*Work request:* Reproduce exactly, from the line containing "obtain p where", every line down to the end of the data below.

*Data records:*

lemma local_lipschitz_uniform_on_compact:
  fixes f :: "'t::metric_space \<Rightarrow> 'a::metric_space \<Rightarrow> 'b::metric_space"
  assumes ll: "local_lipschitz UNIV UNIV f" and "compact T" "compact X"
  obtains \<delta> L where "\<delta> > 0" "0 \<le> L"
    "\<And>t x. t \<in> T \<Longrightarrow> x \<in> X \<Longrightarrow> L-lipschitz_on (cball x \<delta>) (f t)"
proof -
  have "\<exists>u L. u > 0 \<and> (\<forall>s\<in>cball (fst p) u. L-lipschitz_on (cball (snd p) u) (f s))" for p
    using local_lipschitzE[OF ll, of "fst p" "snd p"] by (metis Int_UNIV_right UNIV_I)
  then obtain u Lp where u: "\<And>p. u p > 0"
    and Lp: "\<And>p s. s \<in> cball (fst p) (u p) \<Longrightarrow> (Lp p)-lipschitz_on (cball (snd p) (u p)) (f s)"
    by metis
  let ?box = "\<lambda>p. ball (fst p) (u p / 2) \<times> ball (snd p) (u p / 2)"
  have cover: "T \<times> X \<subseteq> (\<Union>p\<in>T \<times> X. ?box p)"
    using u by (auto simp: half_gt_zero)
  have box_open: "\<And>p. p \<in> T \<times> X \<Longrightarrow> open (?box p)" by (intro open_Times open_ball)
  obtain C where "C \<subseteq> T \<times> X" and C: "finite C" "T \<times> X \<subseteq> (\<Union>p\<in>C. ?box p)"
    by (rule compactE_image[OF compact_Times[OF assms(2,3)] box_open cover])
  define \<delta> where "\<delta> = Min (insert 1 ((\<lambda>p. u p / 2) ` C))"
  define L where "L = Max (insert 0 (Lp ` C))"
  have "L-lipschitz_on (cball x \<delta>) (f t)" if t: "t \<in> T" and x: "x \<in> X" for t x
  proof -
    obtain p where p: "p \<in> C" "dist (fst p) t < u p / 2" "dist (snd p) x < u p / 2"
      using C(2) t x by fastforce
    have \<delta>_le: "\<delta> \<le> u p / 2" using p(1) C(1) unfolding \<delta>_def by (intro Min_le) auto
    have "cball x \<delta> \<subseteq> cball (snd p) (u p)"
    proof
      fix z assume "z \<in> cball x \<delta>"
      then show "z \<in> cball (snd p) (u p)"
        using p(3) \<delta>_le dist_triangle[of "snd p" z x] by simp
    qed
    moreover have "Lp p \<le> L" using p(1) C(1) unfolding L_def by (intro Max_ge) auto
    moreover have "t \<in> cball (fst p) (u p)"
      using p(2) zero_le_dist[of "fst p" t] unfolding mem_cball by linarith
    ultimately show ?thesis using Lp by (blast intro: lipschitz_on_mono)
  qed
  moreover have "\<delta> > 0" "0 \<le> L" using u C(1) by (auto simp: \<delta>_def L_def)
  ultimately show ?thesis using that by blast
qed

*Reply:*
    obtain p where p: "p \<in> C" "dist (fst p) t < u p / 2" "dist (snd p) x < u p / 2"
      using C(2) t x by fastforce
    have \<delta>_le: "\<delta> \<le> u p / 2" using p(1) C(1) unfolding \<delta>_def by (intro Min_le) auto
    have "cball x \<delta> \<subseteq> cball (snd p) (u p)"
    proof
      fix z assume "z \<in> cball x \<delta>"
      then show "z \<in> cball (snd p) (u p)"
        using p(3) \<delta>_le dist_triangle[of "snd p" z x] by simp
    qed
    moreover have "Lp p \<le> L" using p(1) C(1) unfolding L_def by (intro Max_ge) auto
    moreover have "t \<in> cball (fst p) (u p)"
      using p(2) zero_le_dist[of "fst p" t] unfolding mem_cball by linarith
    ultimately show ?thesis using Lp by (blast intro: lipschitz_on_mono)
  qed
  moreover have "\<delta> > 0" "0 \<le> L" using u C(1) by (auto simp: \<delta>_def L_def)
  ultimately show ?thesis using that by blast
qed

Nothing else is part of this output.